- **Dataset extract**
(* No graph of the form $G_6\star G_3$ (with $G_6$ any graph on $6$ vertices and $G_3$ any graph on $3$ vertices) is $3$-ball packable, except $C_6\star C_3$.
   Context: $C_n$ is the cycle on $n$ vertices ($C_3=K_3$), $\star$ the graph join. A $3$-ball in $\hat{\mathbb R}^3$ is a closed ball, closed exterior of an open ball with $\infty$, or a closed half-space with $\infty$; a $3$-ball packing is a collection of $3$-balls with disjoint interiors; its tangency graph joins balls meeting in exactly one point; a graph is $3$-ball packable if isomorphic to the tangency graph of some $3$-ball packing. *)

theory Defs
  imports "HOL-Analysis.Analysis"
begin

definition simple_graph :: "'v set \<Rightarrow> ('v \<Rightarrow> 'v \<Rightarrow> bool) \<Rightarrow> bool" where
  "simple_graph V E \<longleftrightarrow> finite V \<and>
     (\<forall>x y. E x y \<longrightarrow> x \<in> V \<and> y \<in> V \<and> x \<noteq> y) \<and> (\<forall>x y. E x y \<longrightarrow> E y x)"

definition graph_iso :: "'v set \<Rightarrow> ('v \<Rightarrow> 'v \<Rightarrow> bool) \<Rightarrow> 'w set \<Rightarrow> ('w \<Rightarrow> 'w \<Rightarrow> bool) \<Rightarrow> bool" where
  "graph_iso V E W F \<longleftrightarrow> (\<exists>f. bij_betw f V W \<and> (\<forall>x\<in>V. \<forall>y\<in>V. E x y \<longleftrightarrow> F (f x) (f y)))"

definition join_verts :: "'a set \<Rightarrow> 'b set \<Rightarrow> ('a + 'b) set" where
  "join_verts V W = Inl ` V \<union> Inr ` W"

fun join_edges :: "'a set \<Rightarrow> ('a \<Rightarrow> 'a \<Rightarrow> bool) \<Rightarrow> 'b set \<Rightarrow> ('b \<Rightarrow> 'b \<Rightarrow> bool)
    \<Rightarrow> ('a + 'b) \<Rightarrow> ('a + 'b) \<Rightarrow> bool" where
  "join_edges V E W F (Inl x) (Inl y) = E x y"
| "join_edges V E W F (Inr x) (Inr y) = F x y"
| "join_edges V E W F (Inl x) (Inr y) = (x \<in> V \<and> y \<in> W)"
| "join_edges V E W F (Inr x) (Inl y) = (x \<in> W \<and> y \<in> V)"

text \<open>The cycle C_n on vertices 0..n-1 (for n = 3 this is K_3).\<close>

definition cycle_verts :: "nat \<Rightarrow> nat set" where
  "cycle_verts n = {0..<n}"

definition cycle_edges :: "nat \<Rightarrow> nat \<Rightarrow> nat \<Rightarrow> bool" where
  "cycle_edges n x y \<longleftrightarrow> x < n \<and> y < n \<and> x \<noteq> y \<and> (y = Suc x mod n \<or> x = Suc y mod n)"

text \<open>Points of the one-point compactification: Some x for x in R^3, None for \<infinity>.\<close>

type_synonym xpoint = "(real ^ 3) option"

datatype ball3 =
    Ball "real ^ 3" real
  | CoBall "real ^ 3" real      \<comment> \<open>closed exterior of an open ball, together with \<infinity>\<close>
  | Half "real ^ 3" real        \<comment> \<open>closed half-space {x. a \<bullet> x \<le> b}, together with \<infinity>\<close>

definition valid_ball :: "ball3 \<Rightarrow> bool" where
  "valid_ball B = (case B of Ball c r \<Rightarrow> r > 0 | CoBall c r \<Rightarrow> r > 0 | Half a b \<Rightarrow> a \<noteq> 0)"

fun ball_set :: "ball3 \<Rightarrow> xpoint set" where
  "ball_set (Ball c r) = Some ` cball c r"
| "ball_set (CoBall c r) = Some ` {x. dist x c \<ge> r} \<union> {None}"
| "ball_set (Half a b) = Some ` {x. a \<bullet> x \<le> b} \<union> {None}"

text \<open>Interior in the topology of the one-point compactification of R^3
  (\<infinity> is an interior point of a ball exterior, but not of a half-space).\<close>

fun ball_interior :: "ball3 \<Rightarrow> xpoint set" where
  "ball_interior (Ball c r) = Some ` ball c r"
| "ball_interior (CoBall c r) = Some ` {x. dist x c > r} \<union> {None}"
| "ball_interior (Half a b) = Some ` {x. a \<bullet> x < b}"

definition tangent :: "ball3 \<Rightarrow> ball3 \<Rightarrow> bool" where
  "tangent B C \<longleftrightarrow> (\<exists>p. ball_set B \<inter> ball_set C = {p})"
text \<open>Writing \<open>a \<oplus> b = a + b + ab\<close>, the letter \<open>d\<close> with \<open>y \<oplus> d = x\<close> is moved through
  both rows by the Yang--Baxter relation \<open>hecke_eval_braid\<close>.\<close>
lemma hecke_row_exchange:
  assumes yd: "x = y + d + y * d"
  shows "hecke_eval ((m + n, d) # hecke_row m n x @ hecke_row m (Suc n) y)
    = hecke_eval (hecke_row m n y @ hecke_row m (Suc n) x)"
proof (induction n)
  case 0
  have "x = d + y + d * y"
    using yd by (simp add: algebra_simps)
  then show ?case
    by (simp add: hecke_row_def hecke_eval_idem)
next
  case (Suc n)
  have far: "hecke_eval ((m + Suc n, y) # hecke_row m n x) = hecke_eval (hecke_row m n x @ [(m + Suc n, y)])"
    by (rule hecke_eval_commute_letter) (auto simp: fst_set_hecke_row)
  have "hecke_eval ((m + Suc n, d) # hecke_row m (Suc n) x @ hecke_row m (Suc (Suc n)) y)
      = hecke_eval ([(m + Suc n, d), (m + n, x)] @ (hecke_row m n x @ [(m + Suc n, y)])
          @ ((m + n, y) # hecke_row m n y))"
    by (simp add: hecke_row_Suc)
  also have "\<dots> = hecke_eval ([(m + Suc n, d), (m + n, x)] @ ((m + Suc n, y) # hecke_row m n x)
          @ ((m + n, y) # hecke_row m n y))"
    by (rule hecke_eval_cong) (rule far[symmetric])
  also have "\<dots> = hecke_eval ([] @ [(Suc (m + n), d), (m + n, x), (Suc (m + n), y)]
          @ (hecke_row m n x @ (m + n, y) # hecke_row m n y))"
    by simp
  also have "\<dots> = hecke_eval ([] @ [(m + n, y), (Suc (m + n), x), (m + n, d)]
          @ (hecke_row m n x @ (m + n, y) # hecke_row m n y))"
    by (intro hecke_eval_cong hecke_eval_braid yd)
  also have "\<dots> = hecke_eval ([(m + n, y), (Suc (m + n), x)]
          @ ((m + n, d) # hecke_row m n x @ hecke_row m (Suc n) y) @ [])"
    by (simp add: hecke_row_Suc)
  also have "\<dots> = hecke_eval ([(m + n, y), (Suc (m + n), x)]
          @ (hecke_row m n y @ hecke_row m (Suc n) x) @ [])"
    by (intro hecke_eval_cong Suc.IH)
  also have "\<dots> = hecke_eval ([(m + n, y)] @ ((Suc (m + n), x) # hecke_row m n y)
          @ hecke_row m (Suc n) x)"
    by simp
  also have "\<dots> = hecke_eval ([(m + n, y)] @ (hecke_row m n y @ [(Suc (m + n), x)])
          @ hecke_row m (Suc n) x)"
    by (intro hecke_eval_cong hecke_eval_commute_letter) (auto simp: fst_set_hecke_row)
  also have "\<dots> = hecke_eval (hecke_row m (Suc n) y @ hecke_row m (Suc (Suc n)) x)"
    by (simp add: hecke_row_Suc)
  finally show ?case .
qed

lemma hecke_rows_commute:
  fixes x y :: real
  assumes y: "1 + y \<noteq> 0"
  shows "hecke_eval (hecke_row m n x @ hecke_row m n y) = hecke_eval (hecke_row m n y @ hecke_row m n x)"
proof (cases n)
  case (Suc k)
  define d where "d = (x - y) / (1 + y)"
  have yd: "x = y + d + y * d"
    unfolding d_def by (rule circle_add_solution[OF y])
  have "hecke_eval (hecke_row m n x @ hecke_row m n y)
      = hecke_eval ([] @ [(m + k, x)] @ (hecke_row m k x @ hecke_row m (Suc k) y))"
    by (simp add: Suc hecke_row_Suc)
  also have "\<dots> = hecke_eval ([] @ [(m + k, y), (m + k, d)] @ (hecke_row m k x @ hecke_row m (Suc k) y))"
    by (intro hecke_eval_cong hecke_eval_idem[symmetric] yd)
  also have "\<dots> = hecke_eval ([(m + k, y)] @ ((m + k, d) # hecke_row m k x @ hecke_row m (Suc k) y) @ [])"
    by simp
  also have "\<dots> = hecke_eval ([(m + k, y)] @ (hecke_row m k y @ hecke_row m (Suc k) x) @ [])"
    by (intro hecke_eval_cong hecke_row_exchange yd)
  also have "\<dots> = hecke_eval (hecke_row m n y @ hecke_row m n x)"
    by (simp add: Suc hecke_row_Suc)
  finally show ?thesis .
qed simp

lemma sum_Pow_insert:
  assumes "finite A" "a \<notin> A"
  shows "(\<Sum>S\<in>Pow (insert a A). f S) = (\<Sum>S\<in>Pow A. f S) + (\<Sum>S\<in>Pow A. f (insert a S))"
proof -
  have "inj_on (insert a) (Pow A)"
    using assms(2) by (intro inj_onI) (metis PowD insert_ident subset_iff)
  then show ?thesis
    unfolding Pow_insert using assms
    by (subst sum.union_disjoint) (auto simp: sum.reindex)
qed

lemma hecke_eval_expand:
  assumes "distinct L"
  shows "hecke_eval (map (\<lambda>a. (a, x)) L @ rest) G u
    = (\<Sum>S\<in>Pow (set L). x ^ card S * hecke_eval rest G (hecke_word (filter (\<lambda>a. a \<in> S) L) u))"
  using assms
proof (induction L arbitrary: u)
  case (Cons a L)
  then have aL: "a \<notin> set L" and "distinct L"
    by auto
  define f where "f S = x ^ card S * hecke_eval rest G (hecke_word (filter (\<lambda>b. b \<in> S) (a # L)) u)"
    for S
  have without_a: "f S = x ^ card S * hecke_eval rest G (hecke_word (filter (\<lambda>b. b \<in> S) L) u)"
    if "S \<in> Pow (set L)" for S
    using that aL by (auto simp: f_def)
  have with_a: "f (insert a S)
      = x * (x ^ card S * hecke_eval rest G (hecke_word (filter (\<lambda>b. b \<in> S) L) (hecke a u)))"
    if "S \<in> Pow (set L)" for S
  proof -
    have "a \<notin> S" "finite S" "filter (\<lambda>b. b \<in> insert a S) L = filter (\<lambda>b. b \<in> S) L"
      using that aL finite_subset[of S "set L"] by (auto intro!: filter_cong)
    then show ?thesis
      by (simp add: f_def)
  qed
  have "(\<Sum>S\<in>Pow (set (a # L)). f S) = (\<Sum>S\<in>Pow (set L). f S) + (\<Sum>S\<in>Pow (set L). f (insert a S))"
    using aL by (simp add: sum_Pow_insert)
  also have "\<dots> = hecke_eval (map (\<lambda>a. (a, x)) (a # L) @ rest) G u"
    using Cons.IH[OF \<open>distinct L\<close>] by (simp add: without_a with_a sum_distrib_left)
  finally show ?case
    by (simp add: f_def)
qed simp

definition desc_word :: "nat set \<Rightarrow> nat list" where
  "desc_word A = rev (sorted_list_of_set A)"

lemma filter_upt_eq_sorted_list_of_set:
  assumes "A \<subseteq> {m..<k}"
  shows "filter (\<lambda>a. a \<in> A) [m..<k] = sorted_list_of_set A"
proof (rule strict_sorted_equal)
  show "set (filter (\<lambda>a. a \<in> A) [m..<k]) = set (sorted_list_of_set A)"
    using assms finite_subset[OF assms] by auto
qed (auto intro: sorted_wrt_filter)

lemma filter_rev_upt_eq_desc_word:
  "A \<subseteq> {m..<k} \<Longrightarrow> filter (\<lambda>a. a \<in> A) (rev [m..<k]) = desc_word A"
  by (simp add: desc_word_def filter_upt_eq_sorted_list_of_set flip: rev_filter)

lemma hecke_rows_expand:
  "hecke_eval (hecke_row m n x @ hecke_row m n y) G u
    = (\<Sum>A\<in>Pow {m..<m + n}. \<Sum>B\<in>Pow {m..<m + n}.
         x ^ card A * y ^ card B * G (hecke_word (desc_word B) (hecke_word (desc_word A) u)))"
proof -
  have "distinct (rev [m..<m + n])" "set (rev [m..<m + n]) = {m..<m + n}"
    by simp_all
  note expand = hecke_eval_expand[OF this(1), unfolded this(2)]
  show ?thesis
    unfolding hecke_row_def expand[of x] expand[of y "[]", simplified]
    by (auto simp: sum_distrib_left mult.assoc filter_rev_upt_eq_desc_word intro!: sum.cong)
qed

lemma sum_hecke_pairs_symmetric:
  fixes x y :: real
  assumes "1 + y \<noteq> 0"
  shows "(\<Sum>(A, B)\<in>{(A, B). A \<subseteq> {m..<m + n} \<and> B \<subseteq> {m..<m + n}
            \<and> P (hecke_word (desc_word B) (hecke_word (desc_word A) u))}. x ^ card A * y ^ card B)
       = (\<Sum>(A, B)\<in>{(A, B). A \<subseteq> {m..<m + n} \<and> B \<subseteq> {m..<m + n}
            \<and> P (hecke_word (desc_word B) (hecke_word (desc_word A) u))}. y ^ card A * x ^ card B)"
proof -
  define G where "G v = (if P v then 1 else 0 :: real)" for v
  have "(\<Sum>(A, B)\<in>{(A, B). A \<subseteq> {m..<m + n} \<and> B \<subseteq> {m..<m + n}
            \<and> P (hecke_word (desc_word B) (hecke_word (desc_word A) u))}. x ^ card A * y ^ card B)
      = hecke_eval (hecke_row m n x @ hecke_row m n y) G u" for x y :: real
  proof -
    let ?I = "{m..<m + n}" and ?Q = "\<lambda>A B. P (hecke_word (desc_word B) (hecke_word (desc_word A) u))"
    have "{(A, B). A \<subseteq> ?I \<and> B \<subseteq> ?I \<and> ?Q A B} = {p \<in> Pow ?I \<times> Pow ?I. ?Q (fst p) (snd p)}"
      by auto
    then show ?thesis
      unfolding hecke_rows_expand sum.cartesian_product
      by (simp add: sum.inter_filter case_prod_beta G_def) (rule sum.cong; simp)
  qed
  then show ?thesis
    using hecke_rows_commute[OF assms, of m n x] by simp
qed

lemma Max_insert_0_eq_iff:
  fixes C :: "nat set"
  assumes "finite C" "C \<subseteq> {..T}" "0 < T"
  shows "Max (insert 0 C) = T \<longleftrightarrow> T \<in> C"
proof
  assume "Max (insert 0 C) = T"
  then show "T \<in> C"
    using Max_in[of "insert 0 C"] assms by auto
qed (use assms in \<open>auto intro: Max_eqI\<close>)

lemma sum_hecke_pairs_top_symmetric:
  fixes x y :: real and m T :: nat and P :: "(nat \<Rightarrow> nat) \<Rightarrow> bool" and u :: "nat \<Rightarrow> nat"
  assumes "1 + y \<noteq> 0" "0 < m"
  defines "S \<equiv> {(A, B). A \<subseteq> {m..T} \<and> B \<subseteq> {m..T} \<and> Max (insert 0 (A \<union> B)) = T
                 \<and> P (hecke_word (desc_word B) (hecke_word (desc_word A) u))}"
  shows "(\<Sum>(A, B)\<in>S. x ^ card A * y ^ card B) = (\<Sum>(A, B)\<in>S. y ^ card A * x ^ card B)"
proof (cases "m \<le> T")
  case True
  define window where "window n = {(A, B). A \<subseteq> {m..<m + n} \<and> B \<subseteq> {m..<m + n}
      \<and> P (hecke_word (desc_word B) (hecke_word (desc_word A) u))}" for n
  have intervals: "{m..<m + (Suc T - m)} = {m..T}" "{m..<m + (T - m)} = {m..<T}"
    using True by auto
  moreover have top: "Max (insert 0 (A \<union> B)) = T \<longleftrightarrow> \<not> (A \<subseteq> {m..<T} \<and> B \<subseteq> {m..<T})"
    if "A \<subseteq> {m..T}" "B \<subseteq> {m..T}" for A B
  proof -
    have "Max (insert 0 (A \<union> B)) = T \<longleftrightarrow> T \<in> A \<union> B"
      using that True assms(2) by (intro Max_insert_0_eq_iff) (auto intro: finite_subset)
    also have "\<dots> \<longleftrightarrow> \<not> (A \<subseteq> {m..<T} \<and> B \<subseteq> {m..<T})"
      using that by (fastforce simp: subset_iff order.order_iff_strict)
    finally show ?thesis .
  qed
  have "S = window (Suc T - m) - window (T - m)"
    unfolding S_def window_def intervals using top by blast
  moreover have "window (T - m) \<subseteq> window (Suc T - m)"
    unfolding window_def intervals by auto
  moreover have "finite (window (Suc T - m))"
    unfolding window_def intervals by (rule finite_subset[of _ "Pow {m..T} \<times> Pow {m..T}"]) auto
  moreover have "(\<Sum>(A, B)\<in>window n. x ^ card A * y ^ card B) = (\<Sum>(A, B)\<in>window n. y ^ card A * x ^ card B)"
    for n
    unfolding window_def by (rule sum_hecke_pairs_symmetric[OF assms(1)])
  ultimately show ?thesis
    by (simp add: sum_diff)
next
  case False
  then have "\<forall>p\<in>S. p = ({}, {})"
    unfolding S_def by auto
  then show ?thesis
    by (intro sum.cong) auto
qed

section \<open>Symmetric generating functions and involutions\<close>

lemma polyfun_eq_0_on_pos:
  fixes c :: "nat \<Rightarrow> real"
  assumes "\<And>x. 0 < x \<Longrightarrow> (\<Sum>i\<le>n. c i * x ^ i) = 0" "i \<le> n"
  shows "c i = 0"
proof -
  have "{0<..} \<subseteq> {x. (\<Sum>i\<le>n. c i * x ^ i) = 0}"
    using assms(1) by auto
  then have "infinite {x. (\<Sum>i\<le>n. c i * x ^ i) = 0}"
    using infinite_Ioi finite_subset by blast
  then show ?thesis
    using polyfun_finite_roots[of c n] assms(2) by auto
qed

lemma bivariate_polyfun_eq_0_on_pos:
  fixes d :: "nat \<Rightarrow> nat \<Rightarrow> real"
  assumes "\<And>x y. 0 < x \<Longrightarrow> 0 < y \<Longrightarrow> (\<Sum>p\<le>N. \<Sum>q\<le>N. d p q * x ^ p * y ^ q) = 0"
    and "p \<le> N" "q \<le> N"
  shows "d p q = 0"
proof -
  have "(\<Sum>q\<le>N. d p q * y ^ q) = 0" if "0 < y" for y :: real
  proof (rule polyfun_eq_0_on_pos[OF _ \<open>p \<le> N\<close>])
    fix x :: real assume "0 < x"
    have "(\<Sum>p\<le>N. (\<Sum>q\<le>N. d p q * y ^ q) * x ^ p) = (\<Sum>p\<le>N. \<Sum>q\<le>N. d p q * x ^ p * y ^ q)"
      by (simp add: sum_distrib_left sum_distrib_right mult_ac)
    also have "\<dots> = 0"
      using assms(1)[OF \<open>0 < x\<close> \<open>0 < y\<close>] .
    finally show "(\<Sum>p\<le>N. (\<Sum>q\<le>N. d p q * y ^ q) * x ^ p) = 0" .
  qed
  then show ?thesis
    using polyfun_eq_0_on_pos[where c = "d p" and n = N and i = q] \<open>q \<le> N\<close> by simp
qed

- **What you are asked to do**
Taking the material above, extract exactly and only the lines from the line with "k, x)] @ (hecke_row" to the line with "by (intro hecke_eval_cong hecke_row_exchange", inclusive of both.

- **Finished task**
      = hecke_eval ([] @ [(m + k, x)] @ (hecke_row m k x @ hecke_row m (Suc k) y))"
    by (simp add: Suc hecke_row_Suc)
  also have "\<dots> = hecke_eval ([] @ [(m + k, y), (m + k, d)] @ (hecke_row m k x @ hecke_row m (Suc k) y))"
    by (intro hecke_eval_cong hecke_eval_idem[symmetric] yd)
  also have "\<dots> = hecke_eval ([(m + k, y)] @ ((m + k, d) # hecke_row m k x @ hecke_row m (Suc k) y) @ [])"
    by simp
  also have "\<dots> = hecke_eval ([(m + k, y)] @ (hecke_row m k y @ hecke_row m (Suc k) x) @ [])"
    by (intro hecke_eval_cong hecke_row_exchange yd)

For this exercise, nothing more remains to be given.